■ Task description
In the material below, the required lines run from the one containing "define K where" through the one containing "using step1 by (simp add: A_def B_def)". Copy those lines exactly, ends included, and nothing else.

■ Exercise inputs
lemma ep_drift_sq_bounds:
  fixes gF :: "nat \<Rightarrow> 'a::real_normed_vector \<Rightarrow> 'b \<Rightarrow> 'a" and g :: "nat \<Rightarrow> 'a \<Rightarrow> 'a"
    and tx :: "nat \<Rightarrow> 'm \<Rightarrow> 'b" and xs :: "nat \<Rightarrow> nat \<Rightarrow> 'm \<Rightarrow> 'b" and \<omega> :: 'm
    and N I i k :: nat and \<eta> \<gamma> \<sigma> \<kappa> \<rho> L0 L1 C :: real and xbar :: 'a
  defines "F \<equiv> norm ((1 / real N) *\<^sub>R (\<Sum>j<N. g j xbar))"
    and "d \<equiv> norm (ep_x N \<eta> \<gamma> gF xbar tx xs i k \<omega> - xbar)"
  assumes smooth: "L0_L1_smooth (g i) (H i) L0 L1"
    and N: "N \<ge> 1" and i: "i < N" and k: "k \<le> I"
    and \<eta>: "\<eta> > 0" and \<gamma>: "\<gamma> > 0" and \<sigma>: "\<sigma> \<ge> 0" and \<rho>: "\<rho> \<ge> 0" and C: "C > 0"
    and hetero: "norm (g i xbar) \<le> \<kappa> + \<rho> * F"
    and step1: "2 * \<eta> * real I * ((1 + exp C - (exp C - 1) / C) * L0 + ((exp C - 1) / C) * L1 * \<kappa>
                 + ((exp C - 1) / C) * L1 * \<rho> * (\<sigma> + \<gamma> / \<eta>)) \<le> 1"
    and step2: "2 * \<eta> * real I * (2 * \<sigma> + \<gamma> / \<eta>) \<le> C / L1"
    and event: "\<omega> \<in> ep_event N \<eta> \<gamma> gF xbar tx"
    and server: "\<forall>j<N. norm (gF j xbar (tx j \<omega>) - g j xbar) \<le> \<sigma>"
    and local: "\<forall>s<k. norm (gF i (ep_x N \<eta> \<gamma> gF xbar tx xs i s \<omega>) (xs i s \<omega>)
                             - g i (ep_x N \<eta> \<gamma> gF xbar tx xs i s \<omega>)) \<le> \<sigma>"
  shows "d\<^sup>2 \<le> 36 * (real I)\<^sup>2 * \<eta>\<^sup>2 * F\<^sup>2 + 126 * (real I)\<^sup>2 * \<eta>\<^sup>2 * \<sigma>\<^sup>2
    \<and> d\<^sup>2 \<le> 18 * (real I)\<^sup>2 * \<eta> * \<gamma> * F + 18 * (real I)\<^sup>2 * \<eta>\<^sup>2 * (\<gamma> * \<sigma> / \<eta> + 5 * \<sigma>\<^sup>2)"
proof -
  interpret L0_L1_smooth "g i" "H i" L0 L1
    by (rule smooth)
  define A where "A = 1 + exp C - (exp C - 1) / C"
  define B where "B = (exp C - 1) / C"
  define G where "G = norm (ep_G N gF xbar tx \<omega>)"
  have "norm (ep_G N gF xbar tx \<omega> - (1 / real N) *\<^sub>R (\<Sum>j<N. g j xbar)) \<le> \<sigma>"
    using N server by (intro ep_G_deviation) auto
  then have "\<bar>G - F\<bar> \<le> \<sigma>"
    unfolding F_def G_def by (rule order_trans[OF norm_triangle_ineq3])
  then have G_F: "G \<le> F + \<sigma>" and F_G: "F \<le> G + \<sigma>"
    by linarith+
  have G_event: "G \<le> \<gamma> / \<eta>"
    using event by (simp add: G_def ep_event_def)
  have B: "0 \<le> B" "B \<le> A"
    using C exp_secant_slope_le[OF C] by (auto simp: A_def B_def)
  define K where "K = A * L0 + B * L1 * norm (g i xbar)"
  have K: "0 \<le> K"
    using B L0_nonneg L1_pos by (simp add: K_def)
  have "F \<le> \<sigma> + \<gamma> / \<eta>"
    using F_G G_event by linarith
  then have "norm (g i xbar) \<le> \<kappa> + \<rho> * (\<sigma> + \<gamma> / \<eta>)"
    using hetero mult_left_mono[OF _ \<rho>] by fastforce
  then have "K \<le> A * L0 + B * L1 * \<kappa> + B * L1 * \<rho> * (\<sigma> + \<gamma> / \<eta>)"
    using B L1_pos mult_left_mono[of _ _ "B * L1"] by (fastforce simp: K_def algebra_simps)
  then have "2 * \<eta> * real I * K \<le> 2 * \<eta> * real I * (A * L0 + B * L1 * \<kappa> + B * L1 * \<rho> * (\<sigma> + \<gamma> / \<eta>))"
    using \<eta> by (intro mult_left_mono) auto
  also have "\<dots> \<le> 1"
    using step1 by (simp add: A_def B_def)
  finally have "2 * \<eta> * real I * K \<le> 1" .
  moreover have "norm (g i z - g i xbar) \<le> K * norm (z - xbar)" if "norm (z - xbar) \<le> C / L1" for z
    using lipschitz_on_ball[OF C that] by (simp add: K_def A_def B_def)
  ultimately have "d \<le> 2 * \<eta> * real k * (2 * \<sigma> + G)"
    unfolding d_def G_def using event \<eta> \<sigma> server i local step2 k K
    by (intro ep_x_drift_le[where R = "C / L1" and K = K]) auto
  also have "\<dots> \<le> 2 * \<eta> * real I * (2 * \<sigma> + G)"
    using k \<eta> \<sigma> by (intro mult_right_mono mult_left_mono) (auto simp: G_def)
  finally have "d \<le> 2 * \<eta> * real I * (2 * \<sigma> + G)" .
  moreover have "0 \<le> d" "0 \<le> G"
    by (simp_all add: d_def G_def)
  ultimately show ?thesis
    using drift_sq_le_grad_sq \<sigma> G_F drift_sq_le_grad_norm \<eta> \<gamma> G_event by blast
qed
section \<open>Zero and infinite exponents\<close>

lemma strong_lefschetz_trivial_ring:
  assumes I: "CL_homog_ideal a b I" and ab: "a = 0 \<or> b = 0"
  shows "strong_lefschetz a b I"
proof -
  have trunc_0: "trunc a b p = 0" for p by (rule cx_eqI) (use ab in \<open>auto simp: cx_trunc\<close>)
  have "p = 0" if "p \<in> I" for p
    using that I trunc_0[of p] by (auto simp: CL_homog_ideal_def CL_ring_def)
  then have "I \<subseteq> {0}" by blast
  then have "inj_on f (graded_piece I i)" for f i by (intro inj_onI) (auto simp: graded_piece_def)
  moreover have "0 \<in> graded_piece (CL_ring a b) 1"
    using trunc_0 by (simp add: graded_piece_def CL_ring_def homogeneous_def cx_def)
  ultimately show ?thesis unfolding strong_lefschetz_def by blast
qed

lemma strong_lefschetz_if_nonzerodivisor:
  fixes l :: "'k::idom poly poly" and I :: "'k poly poly set"
  assumes I: "I \<subseteq> CL_ring a b" and l: "l \<in> graded_piece (CL_ring a b) 1" "l \<noteq> 0"
    and nzd: "\<And>d f. f \<in> CL_ring a b \<Longrightarrow> trunc a b (l ^ d * f) = l ^ d * f"
  shows "strong_lefschetz a b I"
proof -
  have "inj_on (\<lambda>f. trunc a b (l ^ d * f)) (graded_piece I i)" for d i
  proof (rule inj_onI)
    fix f g assume fg: "f \<in> graded_piece I i" "g \<in> graded_piece I i"
      and eq: "trunc a b (l ^ d * f) = trunc a b (l ^ d * g)"
    have "f \<in> CL_ring a b" "g \<in> CL_ring a b" using fg I by (auto simp: graded_piece_def)
    then have "l ^ d * f = l ^ d * g" using eq nzd by metis
    then show "f = g" using l(2) by simp
  qed
  then show ?thesis unfolding strong_lefschetz_def using l(1) by blast
qed

lemma cx_var_x: "cx var_x i j = (if i = 1 \<and> j = 0 then 1 else 0)"
  by (cases j; cases i) (auto simp: var_x_def cx_def coeff_pCons split: nat.splits)

lemma cx_var_y: "cx var_y i j = (if i = 0 \<and> j = 1 then 1 else 0)"
  by (cases j; cases i) (auto simp: var_y_def cx_def coeff_pCons split: nat.splits)

lemma cx_var_x_power_mult: "cx (var_x ^ d * f) i j = (if i < d then 0 else cx f (i - d) j)"
proof -
  have var_x_power: "var_x ^ d = [:monom 1 d:]" by (induction d) (simp_all add: var_x_def monom_Suc)
  show ?thesis by (simp add: var_x_power cx_def coeff_monom_mult)
qed

lemma cx_var_y_power_mult: "cx (var_y ^ d * f) i j = (if j < d then 0 else cx f i (j - d))"
proof -
  have var_y_power: "var_y ^ d = monom 1 d" by (induction d) (simp_all add: var_y_def monom_Suc)
  show ?thesis by (simp add: var_y_power cx_def coeff_monom_mult)
qed

lemma strong_lefschetz_a_infinite:
  assumes "CL_homog_ideal \<infinity> b I" "b \<noteq> 0"
  shows "strong_lefschetz \<infinity> b (I :: 'k::field poly poly set)"
proof (rule strong_lefschetz_if_nonzerodivisor)
  show "I \<subseteq> CL_ring \<infinity> b" using assms(1) by (simp add: CL_homog_ideal_def)
  have "enat 0 < b" using assms(2) by (metis not_gr_zero zero_enat_def)
  then have "trunc \<infinity> b var_x = var_x"
    unfolding trunc_eq_self_iff cx_var_x by simp
  moreover have "homogeneous 1 var_x" unfolding homogeneous_def cx_var_x by simp
  ultimately show "var_x \<in> graded_piece (CL_ring \<infinity> b) 1"
    by (simp add: graded_piece_def CL_ring_def)
  show "var_x \<noteq> 0" by (simp add: var_x_def)
  fix d f assume "f \<in> CL_ring \<infinity> b"
  then show "trunc \<infinity> b (var_x ^ d * f) = var_x ^ d * f"
    unfolding CL_ring_def trunc_eq_self_iff by (auto simp: cx_var_x_power_mult split: if_splits)
qed

lemma strong_lefschetz_b_infinite:
  assumes "CL_homog_ideal a \<infinity> I" "a \<noteq> 0"
  shows "strong_lefschetz a \<infinity> (I :: 'k::field poly poly set)"
proof (rule strong_lefschetz_if_nonzerodivisor)
  show "I \<subseteq> CL_ring a \<infinity>" using assms(1) by (simp add: CL_homog_ideal_def)
  have "enat 0 < a" using assms(2) by (metis not_gr_zero zero_enat_def)
  then have "trunc a \<infinity> var_y = var_y"
    unfolding trunc_eq_self_iff cx_var_y by simp
  moreover have "homogeneous 1 var_y" unfolding homogeneous_def cx_var_y by simp
  ultimately show "var_y \<in> graded_piece (CL_ring a \<infinity>) 1"
    by (simp add: graded_piece_def CL_ring_def)
  show "var_y \<noteq> 0" by (simp add: var_y_def)
  fix d f assume "f \<in> CL_ring a \<infinity>"
  then show "trunc a \<infinity> (var_y ^ d * f) = var_y ^ d * f"
    unfolding CL_ring_def trunc_eq_self_iff by (auto simp: cx_var_y_power_mult split: if_splits)
qed

theorem theorem3p9:
  fixes a b :: enat and I :: "'k::field_char_0 poly poly set"
  assumes "CL_homog_ideal a b I"
  shows "strong_lefschetz a b I"
proof (cases "a = 0 \<or> b = 0")
  case True
  then show ?thesis using strong_lefschetz_trivial_ring[OF assms] by blast
next
  case False
  consider "a = \<infinity>" | "b = \<infinity>" | a' b' where "a = enat a'" "b = enat b'" by (cases a; cases b) auto
  then show ?thesis
  proof cases
    case 1
    then show ?thesis using strong_lefschetz_a_infinite[of b I] assms False by simp
  next
    case 2
    then show ?thesis using strong_lefschetz_b_infinite[of a I] assms False by simp
  next
    case 3
    moreover have "1 \<le> a'" "1 \<le> b'" using False 3 by (auto simp: enat_0_iff)
    ultimately show ?thesis using strong_lefschetz_finite[of a' b' I] assms by simp
  qed
qed

end
lemma partition_heavy_piece:
  fixes P :: "(real^'n) set set"
  assumes P: "is_partition P" "\<forall>X\<in>P. X \<in> sets lebesgue"
    and N: "finite (nbhd P e q)" "card (nbhd P e q) \<le> k" and "0 \<le> e"
  shows "\<exists>X\<in>P. (2 * e) ^ CARD('n) / k \<le> measure lebesgue (X \<inter> maxball e q)"
proof -
  let ?N = "nbhd P e q" and ?B = "maxball e q"
  have cover: "?B \<subseteq> \<Union>?N"
  proof
    fix x assume "x \<in> ?B"
    moreover obtain X where "X \<in> P" "x \<in> X"
      using P(1) unfolding is_partition_def by blast
    ultimately show "x \<in> \<Union>?N"
      unfolding nbhd_def by blast
  qed
  moreover have "q \<in> ?B"
    using \<open>0 \<le> e\<close> by (simp add: mem_maxball)
  ultimately have nonempty: "?N \<noteq> {}"
    by blast
  have "disjoint ?N"
    using P(1) unfolding is_partition_def nbhd_def disjoint_def by blast
  moreover have "?N \<subseteq> sets lebesgue"
    using P(2) unfolding nbhd_def by blast
  ultimately obtain X where X: "X \<in> ?N" "measure lebesgue ?B / card ?N \<le> measure lebesgue (X \<inter> ?B)"
    using ex_piece_measure_ge_average[OF N(1) nonempty _ _ maxball_lmeasurable cover] by blast
  have "0 < card ?N"
    using N(1) nonempty by (simp add: card_gt_0_iff)
  with N(2) have "real (card ?N) \<le> k" "0 < real k * card ?N"
    by simp_all
  then have "(2 * e) ^ CARD('n) / k \<le> measure lebesgue ?B / card ?N"
    unfolding measure_maxball[OF \<open>0 \<le> e\<close>] using \<open>0 \<le> e\<close> by (intro divide_left_mono) simp_all
  moreover have "X \<in> P"
    using X(1) unfolding nbhd_def by blast
  ultimately show ?thesis
    using X(2) by (meson order_trans)
qed

lemma partition_heavy_colouring:
  fixes P :: "(real^'n) set set"
  assumes "is_partition P" "\<forall>X\<in>P. X \<in> sets lebesgue"
    and "\<And>q. finite (nbhd P e q)" "\<And>q. card (nbhd P e q) \<le> k" "0 \<le> e"
  obtains col where "\<And>q. col q \<in> P"
    "\<And>q. (2 * e) ^ CARD('n) / k \<le> measure lebesgue (col q \<inter> maxball e q)"
proof -
  have "\<forall>q. \<exists>X. X \<in> P \<and> (2 * e) ^ CARD('n) / k \<le> measure lebesgue (X \<inter> maxball e q)"
    using partition_heavy_piece[OF assms(1,2) assms(3,4) assms(5)] by blast
  then obtain col where "\<forall>q. col q \<in> P \<and> (2 * e) ^ CARD('n) / k \<le> measure lebesgue (col q \<inter> maxball e q)"
    by (rule choice[THEN exE])
  with that show thesis
    by blast
qed

lemma rtrancl_hits_intermediate_value:
  assumes "(x, y) \<in> R\<^sup>*" "\<And>a b. (a, b) \<in> R \<Longrightarrow> f b \<le> Suc (f a)" "f x \<le> t" "t \<le> f y"
  shows "\<exists>z. (x, z) \<in> R\<^sup>* \<and> f z = (t :: nat)"
  using assms(1,4)
proof (induction rule: rtrancl_induct)
  case base
  then show ?case
    using assms(3) by auto
next
  case (step y w)
  show ?case
  proof (cases "t \<le> f y")
    case True
    then show ?thesis using step.IH by simp
  next
    case False
    with assms(2)[OF step.hyps(2)] step.prems have "f w = t"
      by linarith
    with rtrancl_into_rtrancl[OF step.hyps] show ?thesis
      by blast
  qed
qed

definition colour_link :: "nat \<Rightarrow> ((nat \<Rightarrow> nat) \<Rightarrow> 'c) \<Rightarrow> ((nat \<Rightarrow> nat) \<times> (nat \<Rightarrow> nat)) set" where
  "colour_link n col = {(a, b). (\<forall>j<n. a j \<le> Suc (b j) \<and> b j \<le> Suc (a j)) \<and> col a = col b}"

lemma colour_link_rtrancl_colour: "(a, b) \<in> (colour_link n col)\<^sup>* \<Longrightarrow> col b = col a"
  by (induction rule: rtrancl_induct) (auto simp: colour_link_def)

■ Result for this exercise
  define K where "K = A * L0 + B * L1 * norm (g i xbar)"
  have K: "0 \<le> K"
    using B L0_nonneg L1_pos by (simp add: K_def)
  have "F \<le> \<sigma> + \<gamma> / \<eta>"
    using F_G G_event by linarith
  then have "norm (g i xbar) \<le> \<kappa> + \<rho> * (\<sigma> + \<gamma> / \<eta>)"
    using hetero mult_left_mono[OF _ \<rho>] by fastforce
  then have "K \<le> A * L0 + B * L1 * \<kappa> + B * L1 * \<rho> * (\<sigma> + \<gamma> / \<eta>)"
    using B L1_pos mult_left_mono[of _ _ "B * L1"] by (fastforce simp: K_def algebra_simps)
  then have "2 * \<eta> * real I * K \<le> 2 * \<eta> * real I * (A * L0 + B * L1 * \<kappa> + B * L1 * \<rho> * (\<sigma> + \<gamma> / \<eta>))"
    using \<eta> by (intro mult_left_mono) auto
  also have "\<dots> \<le> 1"
    using step1 by (simp add: A_def B_def)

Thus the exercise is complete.